The Breastplate of Saint Patrick

FOREWORD:  This week, in keeping with my duties, obligations, and privileges as the World’s Biggest Leprechaun, I am reposting this blog entry in celebration of St. Patrick’s Day.  Beannachtai Na Feile Padraig Oraibh, friends–May the blessing of St. Patrick’s Day be upon you!

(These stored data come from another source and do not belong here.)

lemma take_eq_take_antimono: "take k xs = take k ys \<Longrightarrow> k' \<le> k \<Longrightarrow> take k' xs = take k' ys"
  by (metis min.absorb1 take_take)

lemma is_CR_prefix_preorder:
  fixes z :: "nat \<Rightarrow> nat list"
  assumes len: "\<And>i. i \<in> {1..n} \<Longrightarrow> length (z i) = d"
    and sorted: "\<And>i i'. i \<in> {1..n} \<Longrightarrow> i' \<in> {1..n} \<Longrightarrow> i < i' \<Longrightarrow> prefix_code (z i) < prefix_code (z i')"
  shows "is_CR n d 1 (\<lambda>i\<in>{1..n}. 0)
           (induced_preorder (CR_index n d) (\<lambda>(i, j). prefix_code (take (d - j) (z i))))"
    (is "is_CR _ _ _ _ (induced_preorder ?I ?G)")
proof -
  let ?R = "induced_preorder ?I ?G"
  have I: "(i, j) \<in> ?I \<longleftrightarrow> i \<in> {1..n} \<and> j < d" for i j
    by (auto simp: CR_index_def)
  have ordered_by_last:
    "((i, 0), (i', 0)) \<in> ?R \<and> ((i', 0), (i, 0)) \<notin> ?R"
    if "d \<ge> 1" "i \<in> {1..n}" "i' \<in> {1..n}" "i < i'" for i i'
    unfolding induced_preorder_strict_iff using that sorted[of i i'] len by (simp add: I)
  have at_most_one_if_d0: False if "d = 0" "i \<in> {1..n}" "i' \<in> {1..n}" "i < i'" for i i'
    using that sorted[of i i'] len[of i] len[of i'] by simp
  have digits_decrease:
    "((i, j), (i, j')) \<in> ?R \<and> ((i, j'), (i, j)) \<notin> ?R"
    if "i \<in> {1..n}" "j < d" "j' < j" for i j j'
  proof -
    have "prefix_code (take (d - j) (z i)) < prefix_code (take (d - j') (z i))"
      using that len[OF that(1)] by (intro prefix_code_take_less) auto
    then show ?thesis
      unfolding induced_preorder_strict_iff using that by (simp add: I)
  qed
  have equiv_same_level: "j = j'"
    if "((i, j), (i', j')) \<in> ?R \<and> ((i', j'), (i, j)) \<in> ?R"
      "i \<in> {1..n}" "i' \<in> {1..n}" "j < d" "j' < d" for i i' j j'
  proof -
    have "take (d - j) (z i) = take (d - j') (z i')"
      using that(1) unfolding induced_preorder_equiv_iff by (simp add: prefix_code_eq_iff)
    then have "d - j = d - j'"
      by (rule take_eq_take_imp_eq_index) (simp_all add: len[OF that(2)] len[OF that(3)])
    then show ?thesis
      using that(4,5) by simp
  qed
  have equiv_propagates:
    "((i, j), (i', j)) \<in> ?R \<and> ((i', j), (i, j)) \<in> ?R"
    if "((i, j - 1), (i', j - 1)) \<in> ?R \<and> ((i', j - 1), (i, j - 1)) \<in> ?R"
      "i \<in> {1..n}" "i' \<in> {1..n}" "0 < j" "j < d" for i i' j
  proof -
    have "take (Suc (d - j)) (z i) = take (Suc (d - j)) (z i')"
      using that(1,4,5) unfolding induced_preorder_equiv_iff by (simp add: prefix_code_eq_iff Suc_diff_le)
    then have "take (d - j) (z i) = take (d - j) (z i')"
      by (rule take_eq_take_antimono) simp
    then show ?thesis
      unfolding induced_preorder_equiv_iff using that(2-5) by (simp add: I)
  qed
  show ?thesis
    unfolding is_CR_def Let_def
  proof (intro conjI)
    show "?R \<subseteq> ?I \<times> ?I"
      by auto
  qed (use preorder_on_induced_preorder total_on_induced_preorder ordered_by_last
      at_most_one_if_d0 digits_decrease equiv_same_level equiv_propagates in \<open>blast | simp\<close>)+
qed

Wednesday March 17, is the feast of Saint Pádraig–better known as Patrick, patron saint of Ireland.  The saint was likely born in the late fourth century; according to Saint Fiacc’s “Hymn of Saint Patrick,” he was the son of a Briton named Calpurnius.  Patrick was just sixteen when he was kidnapped from the family estate, along with many others, by Irish raiders.  He would be a slave in Ireland for six years.

Once he was free, Patrick studied for the priesthood under Saint Germanus of Auxerre, in the southern part of Gaul.  Saint Germanus took his pupil to Britain to save that country from Pelagianism: together they travelled through Britain convincing people to turn to God from heresy, and throwing out false priests (some say that this is the source of the legend that Patrick drove the “snakes” out of Ireland!).

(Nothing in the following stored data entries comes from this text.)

text \<open>\<triangle>_C \<otimes> 1^{\<otimes>(n-2)} with \<triangle>_C = (1/d) \<Sum>_i e_i \<otimes> e_i, and \<triangle>^{(n)}_C.\<close>
definition delta0 :: "nat \<Rightarrow> nat \<Rightarrow> nat list \<Rightarrow> real" where
  "delta0 n d = (\<lambda>w. if w \<in> words n d \<and> w ! 0 = w ! 1 \<and> (\<forall>k\<in>{2..<n}. w ! k = 0)
                     then 1 / real d else 0)"

definition delta :: "nat \<Rightarrow> nat \<Rightarrow> nat list \<Rightarrow> real" where
  "delta n d = symz n (delta0 n d)"

end

theory Submission
  imports Defs
begin

text \<open>Let \<open>D\<close> be \<open>\<triangle> \<otimes> 1 \<otimes> \<dots> \<otimes> 1\<close>, whose symmetrisation is \<open>\<triangle>\<^sup>(\<^sup>n\<^sup>)\<close>, and let \<open>r\<close> be
  symmetric. At a word \<open>p q N\<close> the coordinate of \<open>r D\<close> is \<open>[p = q] / d\<close> times the partial
  trace \<open>\<Sum>\<^sub>a r(a a N)\<close>: right multiplication by the unit \<open>e\<^sub>0\<close> pins down the last
  \<open>n - 2\<close> letters, and the composition identity
  \<open>\<langle>x\<^sup>* z, y\<^sup>* w\<rangle> + \<langle>y\<^sup>* z, x\<^sup>* w\<rangle> = 2 \<langle>x, y\<rangle> \<langle>z, w\<rangle>\<close> contracts the first two slots.
  Hence the coordinate of \<open>r \<triangle>\<^sup>(\<^sup>n\<^sup>)\<close> at \<open>u\<close> averages the partial traces over the
  rearrangements of \<open>u\<close> with equal first two letters. If \<open>r \<triangle>\<^sup>(\<^sup>n\<^sup>)\<close> lies in the symmetric
  power of the span of \<open>e\<^sub>0, \<dots>, e\<^sub>b\<^sub>-\<^sub>1\<close>, its coordinate at \<open>b b N\<close> is zero. The
  rearrangements starting with \<open>b b\<close> contribute the partial trace at \<open>N\<close>; all others
  contribute a partial trace at a word with two more letters \<open>b\<close>, which vanishes by
  induction on the number of letters different from \<open>b\<close>. So all partial traces of \<open>r\<close>
  vanish, and with them \<open>r \<triangle>\<^sup>(\<^sup>n\<^sup>)\<close>.\<close>

unbundle bit_operations_syntax

lemma length_permw [simp]: "length (permw n \<sigma> w) = n"
  by (simp add: permw_def)

lemma nth_permw [simp]: "k < n \<Longrightarrow> permw n \<sigma> w ! k = w ! \<sigma> k"
  by (simp add: permw_def)

lemma permw_eq_permute_list: "length w = n \<Longrightarrow> permw n \<sigma> w = permute_list \<sigma> w"
  by (simp add: permw_def permute_list_def)

lemma mem_words_iff: "w \<in> words n d \<longleftrightarrow> length w = n \<and> (\<forall>k<n. w ! k < d)"
  by (auto simp: words_def all_set_conv_all_nth)

lemma finite_words: "finite (words n d)"
proof -
  have "words n d = {w. set w \<subseteq> {..<d} \<and> length w = n}"
    by (auto simp: words_def)
  then show ?thesis
    using finite_lists_length_eq[of "{..<d}" n] by simp
qed

lemma Cons_Cons_in_words_iff:
  "a # b # N \<in> words n d \<longleftrightarrow> a < d \<and> b < d \<and> N \<in> words (n - 2) d \<and> 2 \<le> n"
  by (auto simp: words_def)

lemma drop_in_words: "w \<in> words n d \<Longrightarrow> drop m w \<in> words (n - m) d"
  by (auto simp: words_def dest: in_set_dropD)

lemma permw_in_words:
  assumes "\<sigma> permutes {..<n}" and "w \<in> words n d"
  shows "permw n \<sigma> w \<in> words n d"
  using assms by (auto simp: words_def permw_eq_permute_list)

lemma mset_permw: "\<sigma> permutes {..<n} \<Longrightarrow> length w = n \<Longrightarrow> mset (permw n \<sigma> w) = mset w"
  by (simp add: permw_eq_permute_list)

lemma bij_betw_permw:
  assumes \<sigma>: "\<sigma> permutes {..<n}"
  shows "bij_betw (permw n \<sigma>) (words n d) (words n d)"
proof (rule bij_betwI[where g = "permw n (inv \<sigma>)"])
  have \<sigma>': "inv \<sigma> permutes {..<n}"
    using \<sigma> by (rule permutes_inv)
  show "permw n \<sigma> \<in> words n d \<rightarrow> words n d" "permw n (inv \<sigma>) \<in> words n d \<rightarrow> words n d"
    using permw_in_words[OF \<sigma>] permw_in_words[OF \<sigma>'] by auto
  fix w assume "w \<in> words n d"
  then have n: "length w = n"
    by (simp add: words_def)
  show "permw n (inv \<sigma>) (permw n \<sigma> w) = w" "permw n \<sigma> (permw n (inv \<sigma>) w) = w"
    using permute_list_compose[of \<sigma> w "inv \<sigma>"] permute_list_compose[of "inv \<sigma>" w \<sigma>]
      \<sigma> \<sigma>' permutes_inv_o[OF \<sigma>] n
    by (simp_all add: permw_eq_permute_list)
qed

Despite his experience of hardship and abuse as a slave, Patrick longed to return to Ireland.  He told his teacher that he had often heard the voice of the Irish children calling to him, “Come, Holy Patrick, and make us saved.” But Patrick had to wait until he was sixty years old before Pope Celestine at last consecrated him as Bishop to Ireland.  At the moment of Patrick’s consecration, legend says, the Pope also heard the voices of the Irish children!

That year, Easter coincided with the “feast of Tara,” or Beltane–still celebrated today by kindling bonfires. No fire was supposed to be lit that night until the Druid’s fire had been kindled.  But Saint Patrick lit the Easter fire first.  Laoghaire, high king of Ireland, warned that if that fire were not stamped out, it would never afterward be extinguished in Erin.

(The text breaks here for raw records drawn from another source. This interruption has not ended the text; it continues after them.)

lemma card_false_discoveries_ge:
  assumes "distinct L" "N = H \<inter> set L"
  shows "real (card {s \<in> PiE N (\<lambda>_. {-1, 1::int}). k \<le> false_discoveries v L (override_on c s N) H})
           \<le> 2 ^ card N * neg_binomial_tail v k"
  using assms
proof (induction L arbitrary: N v k)
  case Nil
  then show ?case
    using card_sign_vectors_le[of N "\<lambda>_. True"] by (cases k) (simp_all add: neg_binomial_tail_nonneg)
next
  case (Cons i L)
  let ?S = "\<lambda>N v k L. {s \<in> PiE N (\<lambda>_. {-1, 1::int}). k \<le> false_discoveries v L (override_on c s N) H}"
  have "finite N" "distinct L"
    using Cons.prems by auto
  consider "k = 0" | "v = 0" "k \<noteq> 0" | v' k' where "v = Suc v'" "k = Suc k'"
    by (metis not0_implies_Suc)
  then show ?case
  proof cases
    case 1
    then show ?thesis
      using card_sign_vectors_le[OF \<open>finite N\<close>, of "\<lambda>_. True"] by simp
  next
    case 2
    then show ?thesis by (simp add: neg_binomial_tail_nonneg)
  next
    case (3 v' k')
    show ?thesis
    proof (cases "i \<in> N")
      case False
      then have "i \<notin> H" "N = H \<inter> set L"
        using Cons.prems by auto
      note IH = Cons.IH[OF \<open>distinct L\<close> this(2)]
      show ?thesis
      proof (cases "c i = -1")
        case True
        then have "?S N v k (i # L) = ?S N v' k L"
          using \<open>i \<notin> N\<close> 3 by (simp add: override_on_def)
        then have "real (card (?S N v k (i # L))) \<le> 2 ^ card N * neg_binomial_tail v' k"
          using IH[where v = v' and k = k] by simp
        also have "\<dots> \<le> 2 ^ card N * neg_binomial_tail v k"
          using neg_binomial_tail_mono[of v' k] 3 by simp
        finally show ?thesis .
      next
        case False
        then have "?S N v k (i # L) = ?S N v k L"
          using \<open>i \<notin> N\<close> 3 \<open>i \<notin> H\<close> by (simp add: override_on_def)
        then show ?thesis using IH by simp
      qed
    next
      case True
      let ?N = "N - {i}"
      have "i \<notin> set L" "i \<in> H" "?N = H \<inter> set L"
        using Cons.prems True by auto
      note IH = Cons.IH[OF \<open>distinct L\<close> this(3)]
      have override_upd: "false_discoveries w L (override_on c (s(i := a)) N) H
          = false_discoveries w L (override_on c s ?N) H" for w s a
        by (rule false_discoveries_cong) (use \<open>i \<notin> set L\<close> in \<open>auto simp: override_on_def\<close>)
      have override_at: "override_on c (s(i := a)) N i = a" for s a
        using True by (simp add: override_on_def)
      have "card (?S N v k (i # L)) = (\<Sum>a\<in>{-1, 1}.
          card {s \<in> PiE ?N (\<lambda>_. {-1, 1::int}). k \<le> false_discoveries v (i # L) (override_on c (s(i := a)) N) H})"
        using card_PiE_filter_insert[of ?N i "\<lambda>_. {-1, 1::int}"] \<open>finite N\<close> True by (simp add: insert_absorb)
      also have "\<dots> = card (?S ?N v' k L) + card (?S ?N v k' L)"
        using 3 \<open>i \<in> H\<close> by (simp add: override_upd override_at)
      also have "real \<dots> \<le> 2 ^ card ?N * neg_binomial_tail v' k + 2 ^ card ?N * neg_binomial_tail v k'"
        using IH[where v = v' and k = k] IH[where v = v and k = k'] by simp
      also have "\<dots> = 2 ^ card ?N * (neg_binomial_tail v' k + neg_binomial_tail v k')"
        by (simp add: algebra_simps)
      also have "\<dots> = 2 ^ card N * neg_binomial_tail v k"
        using 3 card.remove[OF \<open>finite N\<close> True] neg_binomial_tail_Suc_Suc[of v' k'] by simp
      finally show ?thesis by simp
    qed
  qed
qed
(* Let $\nu$ be a Krull valuation on $\mathbb{K}[x]$, $\mu$ a valuation on $\overline{\mathbb{K}}[x]$ extending $\nu$, $Q$ a key polynomial for $\nu$ of degree $n$, and $a$ an optimizing root of $Q$. Assume $\nu(Q)\in\mu\overline{\mathbb{K}}$, let $e$ be the least positive integer with $e\nu(Q)\in\mu\mathbb{K}(a)$, let $h\in\mathbb{K}[x]$ with $\deg h<n$ and $\nu(h)=e\nu(Q)$, and put $r=Q^e/h$. If $g=t_0+t_1r+\dots+t_sr^s$ with $t_i\in\mathbb{K}[x]$ and $\deg t_i<ne$ whenever $t_i\ne0$, then $\mu_{x-a}(g)=\nu_Q(g)$. In particular $\mu_{x-a}$ and $\nu_Q$ coincide on $\mathbb{K}(r)$.
   Context: $\overline{\mathbb{K}}$ is an algebraic closure of $\mathbb{K}$; $\mu\overline{\mathbb{K}}$, $\mu\mathbb{K}(a)$ denote value groups of $\mu$ on $\overline{\mathbb{K}}$, $\mathbb{K}(a)$. Truncations: $\nu_Q(f)=\min_i\nu(f_iQ^i)$ for the $Q$-expansion $f=\sum f_iQ^i$ ($\deg f_i<\deg Q$), and $\mu_{x-a}(\sum_i c_i(x-a)^i)=\min_i\{\mu(c_i)+i\mu(x-a)\}$; both are valuations, extended to the fields of rational functions. Optimizing root: a root $c$ of $Q$ maximizing $\mu(x-c)$. Key polynomials: for nonzero $f\in\mathbb{K}[x]$, with Hasse derivatives $\partial_bf=\sum_{i\ge b}\binom{i}{b}a_ix^{i-b}$ for $f=\sum a_ix^i$, $\epsilon(f)=\max_{1\le b\le\deg f}(\nu(f)-\nu(\partial_bf))/b$ if $\deg f>0$ and $\epsilon(f)=-\infty$ if $f$ is constant; a monic $Q$ is a key polynomial for $\nu$ if $\epsilon(f)\ge\epsilon(Q)$ implies $\deg f\ge\deg Q$ for all $f$. *)

theory Defs
  imports "HOL-Computational_Algebra.Polynomial" "HOL-Computational_Algebra.Fraction_Field"
begin

definition nmul :: "nat \<Rightarrow> 'g::ab_group_add \<Rightarrow> 'g" where
  "nmul n x = (\<Sum>i<n. x)"

(* Krull valuation with trivial support: values of nonzero elements in an ordered
   abelian group; the value of 0 is the formal \<infinity> and is never used. *)
definition valuation :: "('a::idom \<Rightarrow> 'g::linordered_ab_group_add) \<Rightarrow> bool" where
  "valuation v \<longleftrightarrow>
     (\<forall>x y. x \<noteq> 0 \<longrightarrow> y \<noteq> 0 \<longrightarrow> v (x * y) = v x + v y) \<and>
     (\<forall>x y. x \<noteq> 0 \<longrightarrow> y \<noteq> 0 \<longrightarrow> x + y \<noteq> 0 \<longrightarrow> min (v x) (v y) \<le> v (x + y))"

definition is_alg_closure :: "('k::field \<Rightarrow> 'c::field) \<Rightarrow> bool" where
  "is_alg_closure emb \<longleftrightarrow>
     inj emb \<and> emb 0 = 0 \<and> emb 1 = 1 \<and>
     (\<forall>a b. emb (a + b) = emb a + emb b) \<and> (\<forall>a b. emb (a * b) = emb a * emb b) \<and>
     (\<forall>p :: 'c poly. degree p > 0 \<longrightarrow> (\<exists>z. poly p z = 0)) \<and>
     (\<forall>z. \<exists>p :: 'k poly. p \<noteq> 0 \<and> poly (map_poly emb p) z = 0)"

King Laoghaire invited the Bishop and his companions to his castle at Tara the next day–after posting soldiers along the road, to assassinate them!  But, according to The Tripartite Life, on his way from Slane to Tara that Easter Sunday, Patrick was reciting his Breastplate prayer (a masterpiece of Celtic spirituality, which has, not at all surprisingly, been set to music many, many times; the links in this blog will take you to a few of these).  As the saint prayed,

A cloak of darkness went over them so that not a man of them appeared. Howbeit, the enemy who were waiting to ambush them, saw eight deer going past them…. That was Saint Patrick with his eight…

Therefore, “St. Patrick’s Breastplate” is also called the “Deer’s Cry.”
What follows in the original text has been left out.